With Valve  -  you impose a certain method ( division of problem space)
and prevent any optimizations that can result from using efficient data

The reason Valve looks nice on paper is that it doesn't have to deal with
all the details of the request processing - subRequests, etc. Looking forward
to see how Catalina will perform and see where is the overhead.

> The key question, though, is "can I implement something using one approach
> that I cannot implement in the other".  The only place I can see a big
> difference here is the case where you want all of the interceptors to have a
> crack at, say, the requestMap() call, then go back and call all of them again
> for the authenticate() call.  (For those of you familiar with Apache modules,
> that's the way they work).  While one could discuss how often you need that
> kind of thing inside a servlet container (versus when writing webserver
> extensions), it can be implemented when needed with Valves by simply having
> more than one Valve in the pipeline, using shared state behind the scenes as
> required to accomplish the functional purpose required.

Sounds simple :-)

The situation is very common - for example include() and all getRealPath().
But we are going back to alghoritms - it's a problem common to recursive
programming, it's hard to control entry and exit.

Another thing you can't do with valves - you can't distinguish between
various proessing stages.
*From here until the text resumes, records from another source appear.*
lemma lmul_in_gen_subalg:
  assumes "f \<in> fs"
  shows "lmul N (tcls N f) \<in> gen_subalg N (range (actL N) \<union> range (actR N))"
  using assms
proof (induction rule: fs_induct)
  case zero
  have "tcls N (\<lambda>_. 0) = tsc N 0 (tone N)"
    by (simp add: tone_def tsc_tcls fsmul_def)
  then have "lmul N (tcls N (\<lambda>_. 0)) = (\<lambda>X\<in>tcarrier N. tsc N 0 ((\<lambda>X\<in>tcarrier N. X) X))"
    by (simp only: lmul_tsc tone_in_tcarrier lmul_tone)
  then show ?case by (simp only: gen_subalg.one gen_subalg.scale)
next
  case (step f a c)
  obtain d e where a: "a = (d, e)" by force
  have "tcls N (dlt a) = tmul N (tcls N (dlt (d, 1))) (tcls N (dlt (1, e)))"
    by (simp add: a tmul_tcls)
  then have "lmul N (tcls N (dlt a)) = compose (tcarrier N) (actL N d) (actR N e)"
    by (simp add: lmul_tmul actL_eq_lmul actR_eq_lmul)
  then have gen:
      "lmul N (tcls N (fsmul c (dlt a))) \<in> gen_subalg N (range (actL N) \<union> range (actR N))"
    by (simp add: flip: tsc_tcls)
      (simp add: lmul_tsc gen_subalg.scale gen_subalg.mult gen_subalg.base)
  have "lmul N (tcls N (fadd f (fsmul c (dlt a)))) =
      (\<lambda>X\<in>tcarrier N. tadd N (lmul N (tcls N f) X) (lmul N (tcls N (fsmul c (dlt a))) X))"
    using step by (simp add: lmul_tadd flip: tadd_tcls)
  then show ?case by (simp only: gen_subalg.add[OF step.IH gen])
qed

lemma lmul_image_eq_gen_subalg:
  "lmul N ` tcarrier N = gen_subalg N (range (actL N) \<union> range (actR N))"
proof
  show "lmul N ` tcarrier N \<subseteq> gen_subalg N (range (actL N) \<union> range (actR N))"
    by (auto elim!: tcarrierE intro: lmul_in_gen_subalg)
next
  show "gen_subalg N (range (actL N) \<union> range (actR N)) \<subseteq> lmul N ` tcarrier N"
  proof
    fix \<phi> assume "\<phi> \<in> gen_subalg N (range (actL N) \<union> range (actR N))"
    then show "\<phi> \<in> lmul N ` tcarrier N"
    proof induction
      case (base \<phi>)
      then show ?case by (auto simp: actL_eq_lmul actR_eq_lmul)
    next
      case one
      show ?case by (rule rev_image_eqI[OF tone_in_tcarrier]) (simp add: lmul_tone)
    next
      case (add \<phi> \<psi>)
      then obtain \<xi> \<eta> where "\<xi> \<in> tcarrier N" "\<eta> \<in> tcarrier N" "\<phi> = lmul N \<xi>" "\<psi> = lmul N \<eta>"
        by blast
      then show ?case
        by (intro rev_image_eqI[of "tadd N \<xi> \<eta>"]) (simp_all add: lmul_tadd tadd_in_tcarrier)
    next
      case (scale \<phi> c)
      then obtain \<xi> where "\<xi> \<in> tcarrier N" "\<phi> = lmul N \<xi>" by blast
      then show ?case
        by (intro rev_image_eqI[of "tsc N c \<xi>"]) (simp_all add: lmul_tsc tsc_in_tcarrier)
    next
      case (mult \<phi> \<psi>)
      then obtain \<xi> \<eta> where "\<xi> \<in> tcarrier N" "\<eta> \<in> tcarrier N" "\<phi> = lmul N \<xi>" "\<psi> = lmul N \<eta>"
        by blast
      then show ?case
        by (intro rev_image_eqI[of "tmul N \<xi> \<eta>"]) (simp_all add: lmul_tmul tmul_in_tcarrier)
    qed
  qed
qed

end

section \<open>The balanced tensor product\<close>

lemma kalg_scale_mult_left: "kalg s \<Longrightarrow> s c (x * y) = s c x * y"
  unfolding kalg_def by blast

lemma kalg_scale_mult_right: "kalg s \<Longrightarrow> s c (x * y) = x * s c y"
  unfolding kalg_def by blast

lemma range_center_commute: "range f \<subseteq> center \<Longrightarrow> f b * x = x * f b"
  by (auto simp: center_def)

lemma tens_rel_fs: "r \<in> tens_rel sD sE aB bB \<Longrightarrow> r \<in> fs"
  by (induction rule: tens_rel.induct) simp_all

lemma fs_subspace_tens_null: "fs_subspace (tens_null sD sE aB bB)"
proof
  show "(\<lambda>_. 0) \<in> tens_null sD sE aB bB" by (rule tens_null.zero)
next
  fix n m assume "n \<in> tens_null sD sE aB bB" "m \<in> tens_null sD sE aB bB"
  then show "fadd n m \<in> tens_null sD sE aB bB"
  proof (induction rule: tens_null.induct)
    case zero then show ?case by (simp add: fadd_def)
  next
    case (step r f c)
    have "fadd (fadd (fsmul c r) f) m = fadd (fsmul c r) (fadd f m)"
      by (simp add: fadd_def add.assoc)
    then show ?case using step by (simp add: tens_null.step)
  qed
next
  fix n c assume "n \<in> tens_null sD sE aB bB"
  then show "fsmul c n \<in> tens_null sD sE aB bB"
  proof (induction rule: tens_null.induct)
    case zero then show ?case by (simp add: fsmul_def tens_null.zero)
  next
    case (step r f c')
    have "fsmul c (fadd (fsmul c' r) f) = fadd (fsmul (c * c') r) (fsmul c f)"
      by (simp add: fadd_def fsmul_def distrib_left mult.assoc)
    then show ?case using step by (simp add: tens_null.step)
  qed
qed
(* Let $a<b$, $n\in\mathbb{N}$, $h=\frac{b-a}{n}$ and $x_k=a+k\frac{b-a}{n}$ for $k=0,\dots,n$. Let $f:[a,b]\to\mathbb{R}$ be convex. For $j=1,\dots,n$ and $t\in[0,1]$ define \[ H_j(t)=\frac1h\int_{x_{j-1}}^{x_j} f\left(tu+(1-t)\frac{x_{j-1}+x_j}{2}\right)du, \] \[ F_j(t)=\frac{1}{2h}\int_{x_{j-1}}^{x_j}\left[f\left(\frac{1+t}{2}x_{j-1}+\frac{1-t}{2}u\right)+f\left(\frac{1+t}{2}x_j+\frac{1-t}{2}u\right)\right]du, \] and $H(t)=\sum_{j=1}^n H_j(t)$, $F(t)=\sum_{j=1}^n F_j(t)$ for $t\in[0,1]$. Then: (1) $H$ and $F$ are convex on $[0,1]$; (2) $H$ and $F$ are monotonic nondecreasing on $[0,1]$; (3) $\sup_{t\in[0,1]}H(t)=\frac1h\int_a^b f(u)\,du=H(1)$ and $\inf_{t\in[0,1]}H(t)=\sum_{k=1}^n f\left(\frac{x_{k-1}+x_k}{2}\right)=H(0)$; and $\sup_{t\in[0,1]}F(t)=\frac12\left[f(a)+2\sum_{k=1}^{n-1}f(x_k)+f(b)\right]=F(1)$ and $\inf_{t\in[0,1]}F(t)=\frac1h\int_a^b f(u)\,du=F(0)$. *)

theory Defs
  imports "HOL-Analysis.Analysis"
begin

definition grid_pt :: "real \<Rightarrow> real \<Rightarrow> nat \<Rightarrow> nat \<Rightarrow> real" where
  "grid_pt a b n k = a + real k * ((b - a) / real n)"

definition Hj :: "(real \<Rightarrow> real) \<Rightarrow> real \<Rightarrow> real \<Rightarrow> nat \<Rightarrow> nat \<Rightarrow> real \<Rightarrow> real" where
  "Hj f a b n j t =
     (let h = (b - a) / real n; x0 = grid_pt a b n (j - 1); x1 = grid_pt a b n j in
      (1 / h) * integral {x0..x1} (\<lambda>u. f (t * u + (1 - t) * ((x0 + x1) / 2))))"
The reason interceptor has 10 methods is that
there _are_  several distinct stages, and you have better control by
exposing them instead of hiding them in the processing chain ( inside
invoke() method).

You may want to check if a particular resource is "authorized" - the user
is authenticated and calls getResource() ( I know it's not required by the
spec, but spec do change) , you have the context  and you just need to call
the authorization stage.
Or getContext(uri) - you don't need to call the full valve chain, only the
valves that are involved in context mapping.